Sex addiction. Underground fight clubs. Jet crashes. These are just some of the topics that populate the world of best-selling author Chuck Palahniuk.

Yet until now, the only time that any of his blistering works of fiction have made it to theatres was in 1999 with David Fincher's Fight Club. While Club only grossed $37 million domestically during its theatrical run, it has since gathered a considerable cult following and many consider it to be one of the best films of the 90's.

Now, with Choke, writer/director Clark Gregg has taken a shot at translating Palahniuk's crazed world to the bigscreen.

Gregg, who is making his directorial debut with Choke, was given the blessing of Palahniuk as he tweaked the screenplay over a nearly two-year period. The author told Gregg simply, "‘Don’t be too faithful, don’t stick to the book."

Still Gregg didn't feel as though he took Palahniuk's story, which is about (are you ready for this?) a sex addict who milks sympathy out of strangers by pretending to choke and then cons them into giving him money so he can support his deranged, dying mother, into totally new territory.

"I actually felt like I was not so much trying to take it a direction, but rather finding the best and truest movie within the book ... Now that's not saying that someone else might not look at it and see a completely different movie in the book," said Gregg.


While Gregg has tried his hand at writing before with 2000's blockbuster thriller What Lies Beneath, most of his film career has been spent in front of the camera working with such great directors as David Mamet ( The Spanish Prisoner, State and Main and Spartan ), Paul Thomas Anderson ( Magnolia ) and most recently with Jon Favreau on Iron Man. As a result, he's picked up some lessons about directing along the way.

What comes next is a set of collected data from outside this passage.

(* There exists a pairwise-intersecting double-interval society with $8$ voters and approval number $3$. On the other hand, every double-$8$ string has diameter at least $3$, so every society obtained from a double-$8$ string (by the construction below) has approval number at least $4$.
   Context: A double-interval society consists of a finite set of $n$ voters, each voter $v$ having an approval set $A_v\subseteq\mathbb{R}$ that is the union of two disjoint bounded closed intervals; it is pairwise-intersecting if $A_u\cap A_v\ne\emptyset$ for all voters $u,v$. The approval number of the society is the maximum over $p\in\mathbb{R}$ of the number of voters $v$ with $p\in A_v$. A double-$n$ string is a string of length $2n$ over $n$ symbols with each symbol appearing exactly twice; the distance between two distinct symbols is the minimum absolute difference of positions of an occurrence of each, and the diameter is the maximum of these distances over all pairs of distinct symbols. From a double-$n$ string of diameter $d$ one builds a society by letting each symbol be a voter and assigning to each of the $2n$ entries a closed interval, all of equal width, placed in the order of the string with spacing such that each interval overlaps exactly the intervals of the $d$ entries on either side of it; such a society is pairwise-intersecting and has approval number $d+1$. *)

theory Defs
  imports Complex_Main
begin

definition double_interval :: "real set \<Rightarrow> bool" where
  "double_interval S \<longleftrightarrow>
     (\<exists>a b c d. a \<le> b \<and> c \<le> d \<and> {a..b} \<inter> {c..d} = {} \<and> S = {a..b} \<union> {c..d})"

definition double_interval_society :: "nat \<Rightarrow> (nat \<Rightarrow> real set) \<Rightarrow> bool" where
  "double_interval_society n A \<longleftrightarrow> (\<forall>v<n. double_interval (A v))"

definition pairwise_intersecting :: "nat \<Rightarrow> (nat \<Rightarrow> real set) \<Rightarrow> bool" where
  "pairwise_intersecting n A \<longleftrightarrow> (\<forall>u<n. \<forall>v<n. A u \<inter> A v \<noteq> {})"

definition approval_number :: "nat \<Rightarrow> (nat \<Rightarrow> real set) \<Rightarrow> nat" where
  "approval_number n A = Max ((\<lambda>p. card {v. v < n \<and> p \<in> A v}) ` UNIV)"

definition double_string :: "nat \<Rightarrow> nat list \<Rightarrow> bool" where
  "double_string n s \<longleftrightarrow> length s = 2 * n \<and> set s \<subseteq> {..<n} \<and> (\<forall>a<n. count_list s a = 2)"

definition sym_dist :: "nat list \<Rightarrow> nat \<Rightarrow> nat \<Rightarrow> nat" where
  "sym_dist s a b = Min {nat \<bar>int i - int j\<bar> | i j. i < length s \<and> j < length s \<and> s ! i = a \<and> s ! j = b}"

definition diameter :: "nat \<Rightarrow> nat list \<Rightarrow> nat" where
  "diameter n s = Max {sym_dist s a b | a b. a < n \<and> b < n \<and> a \<noteq> b}"

text \<open>A placement realizing the construction for a string s of diameter d: entry i gets the
  closed interval [x i, x i + w] (equal widths), placed in order, such that the intervals of
  entries i < j overlap exactly when j - i \<le> d.\<close>
definition valid_placement :: "nat list \<Rightarrow> nat \<Rightarrow> (nat \<Rightarrow> real) \<Rightarrow> real \<Rightarrow> bool" where
  "valid_placement s d x w \<longleftrightarrow> w > 0 \<and>
     (\<forall>i j. i < j \<and> j < length s \<longrightarrow> x i < x j) \<and>
     (\<forall>i j. i < j \<and> j < length s \<longrightarrow> ({x i..x i + w} \<inter> {x j..x j + w} \<noteq> {} \<longleftrightarrow> j - i \<le> d))"

definition string_society :: "nat list \<Rightarrow> (nat \<Rightarrow> real) \<Rightarrow> real \<Rightarrow> nat \<Rightarrow> real set" where
  "string_society s x w v = (\<Union>i\<in>{i. i < length s \<and> s ! i = v}. {x i..x i + w})"

end

theory Submission imports Defs begin

text \<open>The society for the first claim has integer endpoints, so a point is approved by a voter
  only if its floor is; the approval counts therefore need only be checked at the integers
  \<open>0..17\<close>.

  For the string part, let \<open>a\<close> be the symbol at position \<open>0\<close> and \<open>p\<close> its second position.
  If all distances are at most \<open>d\<close>, each of the \<open>n - 1\<close> other symbols occurs within distance
  \<open>d\<close> of position \<open>0\<close> or \<open>p\<close>, hence in one of the three windows of \<open>d + 1\<close> consecutive
  positions ending at \<open>d\<close>, \<open>p\<close> and \<open>p + d\<close>, each of which also contains \<open>a\<close>. So some window
  carries at least \<open>(n + 2) / 3\<close> distinct symbols, i.e. \<open>4\<close> when \<open>n = 8\<close>. A window has at most
  \<open>d + 1\<close> entries, which forces \<open>d \<ge> 3\<close>, and in the interval construction the intervals
  of a window all contain the left endpoint of its last interval.\<close>

lemma approval_count_le: "card {v. v < (n::nat) \<and> p \<in> A v} \<le> n"
  using card_mono[of "{..<n}" "{v. v < n \<and> p \<in> A v}"] by auto

lemma finite_approval_counts: "finite (range (\<lambda>p. card {v. v < (n::nat) \<and> p \<in> A v}))"
  by (rule finite_subset[of _ "{..n}"]) (auto simp: approval_count_le)

lemma approval_count_le_approval_number:
  "card {v. v < (n::nat) \<and> p \<in> A v} \<le> approval_number n A"
  unfolding approval_number_def by (rule Max_ge[OF finite_approval_counts]) simp

lemma approval_number_eqI:
  assumes "\<And>p. card {v. v < (n::nat) \<and> p \<in> A v} \<le> m" and "card {v. v < n \<and> q \<in> A v} = m"
  shows "approval_number n A = m"
  unfolding approval_number_def
  by (rule Max_eqI[OF finite_approval_counts]) (use assms in \<open>auto intro: sym\<close>)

"I definitely tried to soak up what they all do," said Gregg, "While it would be hard to pinpoint what exactly I took away, I know that Dave Mamet makes his sets a really fun place to be. You kind of can't wait to get to work because you know you're going to laugh a lot and have a good time. I definitely tried to do that."

Of course, giving direction to the likes of Sam Rockwell, Anjelica Huston and Kelly Macdonald ( No Country for Old Men ), also gave Gregg some great lessons in acting.

"I learned a lot from watching the other actors that I had there. You know, to see the different ways that Anjelica Huston works versus how Sam Rockwell works and how Kelly Macdonald works, each of them had something where I sat back and said, 'Wow! I should be doing that. I want to try that.'”

While Gregg would eventually like to direct his own original material, he has met with Palahniuk to discuss which of the author's other novels he may adapt next.

“I really want to do another book of Chuck’s. I think he’s got a kind of singular vision, and his books make great movies,” said Gregg.

As if often the case, actors try their hand at directing before ultimately choosing to stay in front of the camera. Gregg is not one of them.

“I loved it more than I could have imagined. And I'm going to fight really hard to get another shot at doing it."